Ta ki… Sabah dört gibi Cuzco’da olmamız gerekiyordu. Otobüs saat üç gibi durdu. Uyukladığım için fazla sallamadım. Bozulmuştur dedim. Hareket eden kimse de yoktu. Uyumaya devam ettim. Beş buçuk gibi millet hareketlenmeye başladı. Bir iki kişi sordu ne oluyor diye. Otobüs sağlammış, yollar kapalıymış. Bir saat yürümeniz lazım dediler. Yolun açılması akşama kadar sürebilir dediler. Mecburen çıktık yola. Çantalar en az 25 kg. Başladık yürümeye. Bir saatlik yol oldu mu iki üç derken dört. Hükümet petrol istasyonlarını mı ne özelliştiriyormuş, halk da ayaklanmış. Yüksek sezon, gelen giden de çok. Seslerini bu şekilde duyurmaya çalışıyorlar. Arkadaşlar yollara ne bulurlarsa atmışlar. Taşlar, kayalar, odunlar, lastikler. Kesinlikle başarılı girişim. Ben baya bir sövdüm bu protesto şekline. Şehre girdiğimde ölmek üzereydim. Bütün seyahatin toplamında bu kadar yürümemişimdir bu kadar yolu o çantalarla. Sağ ayağı da yamulttuk yolda (bu başlangıç). Point Hostel’e gittim yerleştim. Fransız bir eleman barı 7/24 açık demişti. Ben de orada çalışacam demişti. Belki beleş içki verir diye bu hosteli seçtim. Fena bir yer değil. Şehre de yakın. Happy hour zamanı üç içki 10 Sole (üç buçuk USD). Rum ve Kola, Gin Fizz (limonata gibi). Bilardo masası delik deşik, sağa sola çekiyor. Ama yine de oynanıyor. Ayak sakat olunca, biraz da dinleneyim diyince, hostelde üç dört gün kendimi kaybettim.

Cuzco güzel şehir. Katedral, kiliseler, meydanlar, mimari. Ama dünya harikalarından birine az çok ev sahipliği yaptığı için dünyanın her yerinden adam var. Zengin amerikalısı da burada, sırtçantalı gençler de burada. Fiyalalı restoranlar her yerde, ama aralara dalınca dört soleye çorba ve ana yemek yemek de mümkün (ben ikincisini tercih ettim). Dünya kupası da başlamıştı bu sıralar. Hostelde yemek ve bira için iyi seçenekler vardı. Bir iki gün milletin dünya kupası eğlencesine ortak oldum. Sabahtan içmeye başlayınca bu gavurlara uyup, akşamı zor getirdim.
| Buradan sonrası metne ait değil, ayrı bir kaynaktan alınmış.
theorem lemma1:
  fixes d :: nat and B :: "nat \<Rightarrow> complex mat"
    and G :: "real mat set" and Gt :: "real mat \<Rightarrow> real mat"
    and p :: real and Ainf Binf :: "real mat"
  assumes "d \<ge> 2"
    and "herm_onb d B"
    and "unitary_channel_group d B G"
    and "unitary_2_design d B G"
    and "\<forall>g\<in>G. \<exists>\<Phi>. cptp d \<Phi> \<and> Gt g = liou d B \<Phi>"
    and "eigenvalue (T_op d B G Gt) p"
    and "order (complex_of_real p) (char_poly (map_mat complex_of_real (T_op d B G Gt))) = 1"
    and "\<forall>z. eigenvalue (map_mat complex_of_real (T_op d B G Gt)) z \<longrightarrow>
            z \<noteq> complex_of_real p \<longrightarrow> cmod z < p"
    and "mat_tendsto (d*d) (A_m d B G Gt p) Ainf"
    and "mat_tendsto (d*d) (B_m d B G Gt p) Binf"
  shows "vecm_dag (transpose_mat Ainf) * T_op d B G Gt = p \<cdot>\<^sub>m vecm_dag (transpose_mat Ainf)
     \<and> T_op d B G Gt * vecm Binf = p \<cdot>\<^sub>m vecm Binf"
proof -
  let ?T = "T_op d B G Gt"
  have G: "g \<in> carrier_mat (d * d) (d * d)" if "g \<in> G" for g
    using assms(3) that by (auto simp: unitary_channel_group_def)
  have Gt: "Gt g \<in> carrier_mat (d * d) (d * d)" if "g \<in> G" for g
    using assms(5) that by auto
  have Ainf: "Ainf \<in> carrier_mat (d * d) (d * d)" and Binf: "Binf \<in> carrier_mat (d * d) (d * d)"
    using assms(9,10) by (simp_all add: mat_tendsto_def)
  have "vecm_dag (transpose_mat Ainf) = (1 / p) \<cdot>\<^sub>m (vecm_dag (transpose_mat Ainf) * ?T)"
  proof (rule fixpoint_of_limit_mult_right[where X = "\<lambda>m. vecm_dag (transpose_mat (A_m d B G Gt p m))"
        and r = 1 and n = "d * d * (d * d)"])
    show "(\<lambda>m. vecm_dag (transpose_mat (A_m d B G Gt p m)) $$ (i, j))
        \<longlonglongrightarrow> vecm_dag (transpose_mat Ainf) $$ (i, j)" if "i < 1" "j < d * d * (d * d)" for i j
      using tendsto_index_vecm_dag_transpose[OF assms(9) A_m_carrier_mat that] .
  qed (use G Gt vecm_dag_transpose_carrier_mat[OF A_m_carrier_mat] vecm_dag_transpose_carrier_mat[OF Ainf]
      in \<open>simp_all add: vecm_dag_transpose_A_m_Suc\<close>)
  then have "vecm_dag (transpose_mat Ainf) * ?T = p \<cdot>\<^sub>m vecm_dag (transpose_mat Ainf)"
    by (rule eq_smult_of_eq_inverse_smult)
      (use vecm_dag_transpose_carrier_mat[OF Ainf] in \<open>auto simp: left_mult_zero_mat\<close>)
  moreover have "vecm Binf = (1 / p) \<cdot>\<^sub>m (?T * vecm Binf)"
  proof (rule fixpoint_of_limit_mult_left[where X = "\<lambda>m. vecm (B_m d B G Gt p m)"
        and r = 1 and n = "d * d * (d * d)"])
    show "(\<lambda>m. vecm (B_m d B G Gt p m) $$ (i, j)) \<longlonglongrightarrow> vecm Binf $$ (i, j)"
      if "i < d * d * (d * d)" "j < 1" for i j
      using tendsto_index_vecm[OF assms(10) B_m_carrier_mat that] .
  qed (use G Gt vecm_carrier_mat[OF B_m_carrier_mat] vecm_carrier_mat[OF Binf]
      in \<open>simp_all add: vecm_B_m_Suc\<close>)
  then have "?T * vecm Binf = p \<cdot>\<^sub>m vecm Binf"
    by (rule eq_smult_of_eq_inverse_smult)
      (use vecm_carrier_mat[OF Binf] in \<open>auto simp: right_mult_zero_mat[OF T_op_carrier_mat]
        intro: mult_carrier_mat[OF T_op_carrier_mat]\<close>)
  ultimately show ?thesis ..
qed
Ama futbol ve biraya hayır denmez ki. Ne yapacaksın, hayat işte. Dediğim gibi üç dört gün böyle geçti. Kendimi sokağa attığım bir gün şansıma kutlamalar varmış, ona denk geldim. Meydanda dans grupları sırayla geçip güzel güzel dans ettiler. Millete şeker attılar. Ben şanslı kişi olarak şekere zıplayan bir veledin kurbanı oldum. Çizik dolu ve gevşemeye yüz tutmuş güneş gözlüğünün üzerine uçan velet hem de daha da gevşetti aleti, hem de bir çizik ekledi gözlüğe. Kader dedik geçtik. Yerel kıyafetler çok renkli ve güzel. Burada biraz insan fotoğraflarına döndüm. Güzel bir gün geçirdim.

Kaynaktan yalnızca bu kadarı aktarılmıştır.